Reproduce every record precisely, leaving no line out.

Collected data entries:
-- Opening Marker --
lemma pendant_vertex_two_steps_path_graph:
  assumes graph: "simple_graph V E" and tri: "triangle_free E"
    and no_star: "\<And>z. z \<in> V \<Longrightarrow> \<not> disconnects V E (closed_nbhd E z)"
    and v: "nbhd E v = {u}" and uw: "E u w" "w \<noteq> v"
  shows "is_path_graph V E \<and> card V \<le> 4"
proof -
  have sym: "\<And>x y. E x y \<Longrightarrow> E y x" and inV: "\<And>x y. E x y \<Longrightarrow> x \<in> V \<and> y \<in> V"
    and irrefl: "\<And>x. \<not> E x x"
    using graph by (auto simp: simple_graph_def)
  have V: "V = insert v (closed_nbhd E w)" and u: "nbhd E u = {v, w}"
    using pendant_vertex_star[OF graph tri no_star v uw] inV[OF uw(1)] by blast+
  have v_iff: "E v y \<longleftrightarrow> y = u" and u_iff: "E u y \<longleftrightarrow> y = v \<or> y = w" for y
    using v u by (auto simp: nbhd_def)
  have "v \<noteq> u" "w \<noteq> u" "u \<in> V"
    using v_iff[of u] irrefl uw(1) inV[OF uw(1)] by auto
  consider "nbhd E w = {u}" | x where "E w x" "x \<noteq> u"
    using sym[OF uw(1)] by (auto simp: nbhd_def)
  then show ?thesis
  proof cases
    case 1
    then have w_iff: "E w y \<longleftrightarrow> y = u" for y
      by (auto simp: nbhd_def)
    have "V = {v, u, w}"
      using V 1 by (auto simp: closed_nbhd_def)
    then show ?thesis
      by (intro path_graph_of_list[of "[v, u, w]"])
        (use inV v_iff u_iff w_iff uw \<open>v \<noteq> u\<close> \<open>w \<noteq> u\<close> in \<open>auto simp: Ex_less_Suc2\<close>)
  next
    case (2 x)
    have w: "nbhd E w = {u, x}" and x: "nbhd E x = {w}"
      using pendant_vertex_far_end[OF graph tri no_star[OF \<open>u \<in> V\<close>] V v u 2] by blast+
    have w_iff: "E w y \<longleftrightarrow> y = u \<or> y = x" and x_iff: "E x y \<longleftrightarrow> y = w" for y
      using w x by (auto simp: nbhd_def)
    have "V = {v, u, w, x}"
      using V w by (auto simp: closed_nbhd_def)
    moreover have "distinct [v, u, w, x]"
      using uw 2 \<open>v \<noteq> u\<close> \<open>w \<noteq> u\<close> irrefl[of w] v_iff[of w] sym[of w x] by auto
    ultimately show ?thesis
      by (intro path_graph_of_list[of "[v, u, w, x]"])
        (use inV v_iff u_iff w_iff x_iff in \<open>auto simp: Ex_less_Suc2\<close>)
  qed
qed

lemma pendant_vertex_path_graph:
  assumes graph: "simple_graph V E" and conn: "connected_graph V E" and tri: "triangle_free E"
    and "\<not> has_full_star_cutset V E" and v: "nbhd E v = {u}"
  shows "is_path_graph V E \<and> card V \<le> 4"
proof -
  have sym: "\<And>x y. E x y \<Longrightarrow> E y x" and inV: "\<And>x y. E x y \<Longrightarrow> x \<in> V \<and> y \<in> V"
    and irrefl: "\<And>x. \<not> E x x"
    using graph by (auto simp: simple_graph_def)
  have no_star: "\<not> disconnects V E (closed_nbhd E z)" if "z \<in> V" for z
    using assms(4) that unfolding has_full_star_cutset_def by blast
  have v_iff: "E v y \<longleftrightarrow> y = u" for y
    using v by (auto simp: nbhd_def)
  have "E u v" "v \<noteq> u"
    using v_iff[of u] sym[of v u] irrefl[of v] by auto
  consider "nbhd E u = {v}" | w where "E u w" "w \<noteq> v"
    using \<open>E u v\<close> by (auto simp: nbhd_def)
  then show ?thesis
  proof cases
    case 1
    then have u_iff: "E u y \<longleftrightarrow> y = v" for y
      by (auto simp: nbhd_def)
    have "V = {v, u}"
      by (rule connected_graph_closed_subset_eq[OF conn, of v])
        (use inV \<open>E u v\<close> v_iff u_iff in auto)
    then show ?thesis
      by (intro path_graph_of_list[of "[v, u]"]) (use inV v_iff u_iff \<open>v \<noteq> u\<close> in auto)
  next
    case 2
    then show ?thesis
      using pendant_vertex_two_steps_path_graph[OF graph tri no_star v] by blast
  qed
qed

lemma degree_less_2_path_graph:
  assumes graph: "simple_graph V E" and conn: "connected_graph V E" and "triangle_free E"
    and "\<not> has_full_star_cutset V E" and "v \<in> V" and "degree E v < 2"
  shows "is_path_graph V E \<and> card V \<le> 4"
proof -
  have "card (nbhd E v) \<le> 1"
    using assms(6) by (simp add: degree_def)
  then consider "nbhd E v = {}" | u where "nbhd E v = {u}"
    using finite_nbhd[OF graph] by (metis card_1_singletonE card_0_eq le_Suc_eq le_zero_eq One_nat_def)
  then show ?thesis
  proof cases
    case 1
    then have "V = {v}"
      using connected_graph_closed_subset_eq[OF conn, of v "{v}"] assms(5) by (auto simp: nbhd_def)
    moreover have "\<not> E x y" for x y
      using graph \<open>V = {v}\<close> unfolding simple_graph_def by blast
    ultimately show ?thesis
      by (intro path_graph_of_list[of "[v]"]) auto
  next
    case 2
    then show ?thesis
      using pendant_vertex_path_graph[OF graph conn assms(3,4)] by blast
  qed
qed

theorem mainTheorem17:
  fixes V :: "'a set" and E :: "'a \<Rightarrow> 'a \<Rightarrow> bool"
  assumes "simple_graph V E"
    and "connected_graph V E"
    and "triangle_free E"
    and "\<not> has_full_star_cutset V E"
  shows "(\<forall>v. cut_vertex V E v \<longrightarrow> degree E v < 3)
    \<and> (\<not> (is_path_graph V E \<and> card V \<le> 4) \<longrightarrow> (\<forall>v\<in>V. degree E v \<ge> 2))"
  using cut_vertex_degree_less_3[OF assms] degree_less_2_path_graph[OF assms]
  by (meson not_less)

end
-- Closing Marker --
**Result for this task**
lemma pendant_vertex_two_steps_path_graph:
  assumes graph: "simple_graph V E" and tri: "triangle_free E"
    and no_star: "\<And>z. z \<in> V \<Longrightarrow> \<not> disconnects V E (closed_nbhd E z)"
    and v: "nbhd E v = {u}" and uw: "E u w" "w \<noteq> v"
  shows "is_path_graph V E \<and> card V \<le> 4"
proof -
  have sym: "\<And>x y. E x y \<Longrightarrow> E y x" and inV: "\<And>x y. E x y \<Longrightarrow> x \<in> V \<and> y \<in> V"
    and irrefl: "\<And>x. \<not> E x x"
    using graph by (auto simp: simple_graph_def)
  have V: "V = insert v (closed_nbhd E w)" and u: "nbhd E u = {v, w}"
    using pendant_vertex_star[OF graph tri no_star v uw] inV[OF uw(1)] by blast+
  have v_iff: "E v y \<longleftrightarrow> y = u" and u_iff: "E u y \<longleftrightarrow> y = v \<or> y = w" for y
    using v u by (auto simp: nbhd_def)
  have "v \<noteq> u" "w \<noteq> u" "u \<in> V"
    using v_iff[of u] irrefl uw(1) inV[OF uw(1)] by auto
  consider "nbhd E w = {u}" | x where "E w x" "x \<noteq> u"
    using sym[OF uw(1)] by (auto simp: nbhd_def)
  then show ?thesis
  proof cases
    case 1
    then have w_iff: "E w y \<longleftrightarrow> y = u" for y
      by (auto simp: nbhd_def)
    have "V = {v, u, w}"
      using V 1 by (auto simp: closed_nbhd_def)
    then show ?thesis
      by (intro path_graph_of_list[of "[v, u, w]"])
        (use inV v_iff u_iff w_iff uw \<open>v \<noteq> u\<close> \<open>w \<noteq> u\<close> in \<open>auto simp: Ex_less_Suc2\<close>)
  next
    case (2 x)
    have w: "nbhd E w = {u, x}" and x: "nbhd E x = {w}"
      using pendant_vertex_far_end[OF graph tri no_star[OF \<open>u \<in> V\<close>] V v u 2] by blast+
    have w_iff: "E w y \<longleftrightarrow> y = u \<or> y = x" and x_iff: "E x y \<longleftrightarrow> y = w" for y
      using w x by (auto simp: nbhd_def)
    have "V = {v, u, w, x}"
      using V w by (auto simp: closed_nbhd_def)
    moreover have "distinct [v, u, w, x]"
      using uw 2 \<open>v \<noteq> u\<close> \<open>w \<noteq> u\<close> irrefl[of w] v_iff[of w] sym[of w x] by auto
    ultimately show ?thesis
      by (intro path_graph_of_list[of "[v, u, w, x]"])
        (use inV v_iff u_iff w_iff x_iff in \<open>auto simp: Ex_less_Suc2\<close>)
  qed
qed

lemma pendant_vertex_path_graph:
  assumes graph: "simple_graph V E" and conn: "connected_graph V E" and tri: "triangle_free E"
    and "\<not> has_full_star_cutset V E" and v: "nbhd E v = {u}"
  shows "is_path_graph V E \<and> card V \<le> 4"
proof -
  have sym: "\<And>x y. E x y \<Longrightarrow> E y x" and inV: "\<And>x y. E x y \<Longrightarrow> x \<in> V \<and> y \<in> V"
    and irrefl: "\<And>x. \<not> E x x"
    using graph by (auto simp: simple_graph_def)
  have no_star: "\<not> disconnects V E (closed_nbhd E z)" if "z \<in> V" for z
    using assms(4) that unfolding has_full_star_cutset_def by blast
  have v_iff: "E v y \<longleftrightarrow> y = u" for y
    using v by (auto simp: nbhd_def)
  have "E u v" "v \<noteq> u"
    using v_iff[of u] sym[of v u] irrefl[of v] by auto
  consider "nbhd E u = {v}" | w where "E u w" "w \<noteq> v"
    using \<open>E u v\<close> by (auto simp: nbhd_def)
  then show ?thesis
  proof cases
    case 1
    then have u_iff: "E u y \<longleftrightarrow> y = v" for y
      by (auto simp: nbhd_def)
    have "V = {v, u}"
      by (rule connected_graph_closed_subset_eq[OF conn, of v])
        (use inV \<open>E u v\<close> v_iff u_iff in auto)
    then show ?thesis
      by (intro path_graph_of_list[of "[v, u]"]) (use inV v_iff u_iff \<open>v \<noteq> u\<close> in auto)
  next
    case 2
    then show ?thesis
      using pendant_vertex_two_steps_path_graph[OF graph tri no_star v] by blast
  qed
qed

lemma degree_less_2_path_graph:
  assumes graph: "simple_graph V E" and conn: "connected_graph V E" and "triangle_free E"
    and "\<not> has_full_star_cutset V E" and "v \<in> V" and "degree E v < 2"
  shows "is_path_graph V E \<and> card V \<le> 4"
proof -
  have "card (nbhd E v) \<le> 1"
    using assms(6) by (simp add: degree_def)
  then consider "nbhd E v = {}" | u where "nbhd E v = {u}"
    using finite_nbhd[OF graph] by (metis card_1_singletonE card_0_eq le_Suc_eq le_zero_eq One_nat_def)
  then show ?thesis
  proof cases
    case 1
    then have "V = {v}"
      using connected_graph_closed_subset_eq[OF conn, of v "{v}"] assms(5) by (auto simp: nbhd_def)
    moreover have "\<not> E x y" for x y
      using graph \<open>V = {v}\<close> unfolding simple_graph_def by blast
    ultimately show ?thesis
      by (intro path_graph_of_list[of "[v]"]) auto
  next
    case 2
    then show ?thesis
      using pendant_vertex_path_graph[OF graph conn assms(3,4)] by blast
  qed
qed

theorem mainTheorem17:
  fixes V :: "'a set" and E :: "'a \<Rightarrow> 'a \<Rightarrow> bool"
  assumes "simple_graph V E"
    and "connected_graph V E"
    and "triangle_free E"
    and "\<not> has_full_star_cutset V E"
  shows "(\<forall>v. cut_vertex V E v \<longrightarrow> degree E v < 3)
    \<and> (\<not> (is_path_graph V E \<and> card V \<le> 4) \<longrightarrow> (\<forall>v\<in>V. degree E v \<ge> 2))"
  using cut_vertex_degree_less_3[OF assms] degree_less_2_path_graph[OF assms]
  by (meson not_less)

end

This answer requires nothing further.